#### Your assignment:
Report the lines of the data below that contain the string "assumes".

--- Given records ---

lemma pair_monoms_injective:
  assumes B: "\<forall>j\<in>{1..r}. deg_less (B j) (n j)"
    and zero: "\<forall>i<mi_size r n. pair (monom 1 i) B = 0"
    and j: "j \<in> {1..r}"
  shows "B j = 0"
proof -
  define c where "c = (\<lambda>(j, t). coeff (B j) t)"
  have B_eq: "vec_of_coeffs n c j = B j" if "j \<in> {1..r}" for j
    unfolding c_def using B that by (simp add: vec_of_coeffs_coeff)
  have "pair q (vec_of_coeffs n c) = pair q B" for q
    using B_eq by (rule pair_cong)
  then have "\<forall>i<mi_size r n. (\<Sum>a\<in>coeff_index n. moment_matrix i a * c a) = 0"
    using zero by (simp add: pair_monom_vec_of_coeffs[symmetric])
  then have "\<forall>a\<in>coeff_index n. c a = 0"
    using square_system(2)[OF finite_coeff_index card_coeff_index, where M = moment_matrix]
      moment_matrix_transpose_injective by blast
  then have "c (j, t) = 0" if "t < n j" for t
    using j that unfolding coeff_index_def by blast
  then have "vec_of_coeffs n c j = 0" by (simp add: vec_of_coeffs_def)
  then show ?thesis using B_eq[OF j] by simp
qed

lemma pair_monoms_surjective:
  "\<exists>B. (\<forall>j. j \<notin> {1..r} \<longrightarrow> B j = 0) \<and> (\<forall>j\<in>{1..r}. deg_less (B j) (n j)) \<and>
       (\<forall>i<mi_size r n. pair (monom 1 i) B = e i)"
proof -
  obtain c where c: "\<forall>i<mi_size r n. (\<Sum>a\<in>coeff_index n. moment_matrix i a * c a) = e i"
    using square_system(1)[OF finite_coeff_index card_coeff_index, where M = moment_matrix]
      moment_matrix_transpose_injective
    by blast
  show ?thesis
  proof (intro exI conjI)
    show "\<forall>j. j \<notin> {1..r} \<longrightarrow> vec_of_coeffs n c j = 0" by (simp add: vec_of_coeffs_def)
    show "\<forall>j\<in>{1..r}. deg_less (vec_of_coeffs n c j) (n j)" by (simp add: deg_less_vec_of_coeffs)
    show "\<forall>i<mi_size r n. pair (monom 1 i) (vec_of_coeffs n c) = e i"
      using c by (simp add: pair_monom_vec_of_coeffs)
  qed
qed

lemma typeI_iff_pair:
  assumes "mi_size r n \<ge> 1"
  shows "typeI r \<mu>s n A \<longleftrightarrow> (\<forall>j. j \<notin> {1..r} \<longrightarrow> A j = 0) \<and> (\<forall>j\<in>{1..r}. deg_less (A j) (n j)) \<and>
    (\<forall>i<mi_size r n. pair (monom 1 i) A = (if i = mi_size r n - 1 then 1 else 0))"
  unfolding typeI_def sum_integral_eq_pair deg_less_iff using assms
  by (auto simp: le_diff_conv2)

lemma typeI_vec_typeI: "mi_size r n \<ge> 1 \<Longrightarrow> typeI r \<mu>s n (typeI_vec r \<mu>s n)"
proof -
  assume N: "mi_size r n \<ge> 1"
  have "\<exists>!A. typeI r \<mu>s n A"
  proof (rule ex_ex1I)
    show "\<exists>A. typeI r \<mu>s n A"
      using pair_monoms_surjective[of n "\<lambda>i. if i = mi_size r n - 1 then 1 else 0"]
      unfolding typeI_iff_pair[OF N] .
  next
    fix A1 A2 assume A1: "typeI r \<mu>s n A1" and A2: "typeI r \<mu>s n A2"
    have diff_zero: "A1 j - A2 j = 0" if "j \<in> {1..r}" for j
      using A1 A2 that unfolding typeI_iff_pair[OF N]
      by (intro pair_monoms_injective[where B = "\<lambda>j. A1 j - A2 j" and n = n])
        (simp_all add: pair_diff_right deg_less_diff)
    show "A1 = A2"
    proof
      fix j show "A1 j = A2 j"
        using diff_zero[of j] A1 A2 unfolding typeI_iff_pair[OF N] by (cases "j \<in> {1..r}") auto
    qed
  qed
  then show ?thesis unfolding typeI_vec_def by (rule theI')
qed

end

locale perfect_path = perfect_moment_system +
  fixes ns :: "nat \<Rightarrow> nat \<Rightarrow> nat"
  assumes path: "is_path r ns"
begin

abbreviation p :: "nat \<Rightarrow> real poly" where
  "p m \<equiv> typeII_poly r \<mu>s (ns m)"

(* Index shift as in the paper: A l is the type I vector of ns (Suc l), so q_l = sum_j A l j w_j. *)
abbreviation A :: "nat \<Rightarrow> nat \<Rightarrow> real poly" where
  "A l \<equiv> typeI_vec r \<mu>s (ns (Suc l))"

abbreviation J :: "nat \<Rightarrow> nat \<Rightarrow> real" where
  "J \<equiv> Jmat r \<mu>s ns"

lemma degree_p: "degree (p m) = m" and lead_coeff_p: "lead_coeff (p m) = 1"
  using typeII_poly_typeII[of "ns m"] is_path_size[OF path] unfolding typeII_def by auto

lemma typeI_A:
  "(\<forall>j\<in>{1..r}. deg_less (A l j) (ns (Suc l) j)) \<and>
   (\<forall>i<Suc l. pair (monom 1 i) (A l) = (if i = l then 1 else 0))"
proof -
  have size: "mi_size r (ns (Suc l)) = Suc l" by (rule is_path_size[OF path])
  then have "typeI r \<mu>s (ns (Suc l)) (A l)" by (intro typeI_vec_typeI) simp
  then show ?thesis unfolding typeI_iff_pair[of "ns (Suc l)", unfolded size, simplified] by simp
qed

lemma deg_less_A: "j \<in> {1..r} \<Longrightarrow> deg_less (A l j) (ns (Suc l) j)"
  using typeI_A by blast

lemma pair_p_eq_0:
  assumes "\<forall>j\<in>{1..r}. deg_less (B j) (ns m j)"
  shows "pair (p m) B = 0"
  unfolding pair_def using typeII_orthogonal[OF typeII_poly_typeII] assms by (simp add: mult.commute)

lemma pair_p_A: "pair (p m) (A l) = (if m = l then 1 else 0)"
proof (cases "m \<le> l")
  case True
  have "p m = (\<Sum>i\<le>l. Polynomial.smult (coeff (p m) i) (monom 1 i))"
    using poly_as_sum_of_monoms'[of "p m" l] True degree_p[of m] by (simp add: smult_monom)
  then have "pair (p m) (A l) = (\<Sum>i\<le>l. coeff (p m) i * pair (monom 1 i) (A l))"
    by (metis finite_atMost pair_sum_left)
  also have "\<dots> = (\<Sum>i\<le>l. if i = l then coeff (p m) i else 0)"
    using typeI_A[of l] by (intro sum.cong refl) (simp add: less_Suc_eq_le)
  also have "\<dots> = coeff (p m) l" by simp
  also have "\<dots> = (if m = l then 1 else 0)"
    using True degree_p[of m] lead_coeff_p[of m] by (auto simp: coeff_eq_0)
  finally show ?thesis .
next
  case False
  have "deg_less (A l j) (ns m j)" if "j \<in> {1..r}" for j
  proof (rule deg_less_mono[OF deg_less_A[OF that]])
    show "ns (Suc l) j \<le> ns m j" using is_path_mono[OF path] False by simp
  qed
  then show ?thesis using False pair_p_eq_0 by simp
qed

lemma pair_expansion_A:
  "pair (\<Sum>m\<le>d. Polynomial.smult (c m) (p m)) (A l) = (if l \<le> d then c l else 0)"
proof -
  have "pair (\<Sum>m\<le>d. Polynomial.smult (c m) (p m)) (A l) = (\<Sum>m\<le>d. c m * pair (p m) (A l))"
    by (rule pair_sum_left) simp
  also have "\<dots> = (\<Sum>m\<le>d. if m = l then c l else 0)"
    by (intro sum.cong refl) (simp add: pair_p_A)
  finally show ?thesis by simp
qed

lemma eq_0_if_orthogonal_to_p:
  assumes B: "\<forall>j\<in>{1..r}. deg_less (B j) (ns m j)"
    and orthogonal: "\<forall>k<m. pair (p k) B = 0" and j: "j \<in> {1..r}"
  shows "B j = 0"
proof (rule pair_monoms_injective[OF B _ j], intro allI impI)
  fix i assume "i < mi_size r (ns m)"
  then have i: "i < m" using is_path_size[OF path] by simp
  have "degree (monom (1::real) i) \<le> i" by (rule degree_monom_le)
  then obtain c where "monom 1 i = (\<Sum>k\<le>i. Polynomial.smult (c k) (p k))"
    using monic_basis_expansion[OF degree_p lead_coeff_p] by blast
  then have "pair (monom 1 i) B = (\<Sum>k\<le>i. c k * pair (p k) B)"
    by (simp add: pair_sum_left)
  also have "\<dots> = 0" using orthogonal i by (intro sum.neutral) auto
  finally show "pair (monom 1 i) B = 0" .
qed

lemma Jmat_recurrence:
  "(\<forall>m>Suc k. J k m = 0) \<and> [:0, 1:] * p k = (\<Sum>m\<le>Suc k. Polynomial.smult (J k m) (p m))"
proof -
  let ?rec = "\<lambda>c. (\<forall>m>Suc k. c m = 0) \<and>
    [:0, 1:] * p k = (\<Sum>m\<le>Suc k. Polynomial.smult (c m) (p m))"
  have "\<exists>!c. ?rec c"
  proof (rule ex_ex1I)
    have "p k \<noteq> 0" using lead_coeff_p[of k] by auto
    then have "degree ([:0, 1:] * p k) \<le> Suc k" using degree_p[of k] by simp
    then have "\<exists>c. [:0, 1:] * p k = (\<Sum>m\<le>Suc k. Polynomial.smult (c m) (p m))"
      by (rule monic_basis_expansion[OF degree_p lead_coeff_p])
    then obtain c where c: "[:0, 1:] * p k = (\<Sum>m\<le>Suc k. Polynomial.smult (c m) (p m))" ..
    have truncate: "(\<Sum>m\<le>Suc k. Polynomial.smult (c m) (p m))
        = (\<Sum>m\<le>Suc k. Polynomial.smult (if m \<le> Suc k then c m else 0) (p m))"
      by (intro sum.cong) auto
    have truncated: "?rec (\<lambda>m. if m \<le> Suc k then c m else 0)"
    proof
      show "[:0, 1:] * p k = (\<Sum>m\<le>Suc k. Polynomial.smult (if m \<le> Suc k then c m else 0) (p m))"
        using c truncate by (rule trans)
    qed simp
    show "\<exists>c. ?rec c" by (rule exI[of ?rec, OF truncated])
  next
    fix c1 c2 assume c1: "?rec c1" and c2: "?rec c2"
    have coeff_eq: "c m = pair ([:0, 1:] * p k) (A m)" if "?rec c" "m \<le> Suc k" for c m
      unfolding conjunct2[OF that(1)] pair_expansion_A using that(2) by simp
    show "c1 = c2"
    proof
      fix m show "c1 m = c2 m"
        using coeff_eq[OF c1, of m] coeff_eq[OF c2, of m] c1 c2 by (cases "m \<le> Suc k") auto
    qed
  qed
  then show ?thesis unfolding Jmat_def by (rule theI')
qed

---

#### Solution to this task:
  assumes B: "\<forall>j\<in>{1..r}. deg_less (B j) (n j)"
  assumes "mi_size r n \<ge> 1"
  assumes path: "is_path r ns"
  assumes "\<forall>j\<in>{1..r}. deg_less (B j) (ns m j)"
  assumes B: "\<forall>j\<in>{1..r}. deg_less (B j) (ns m j)"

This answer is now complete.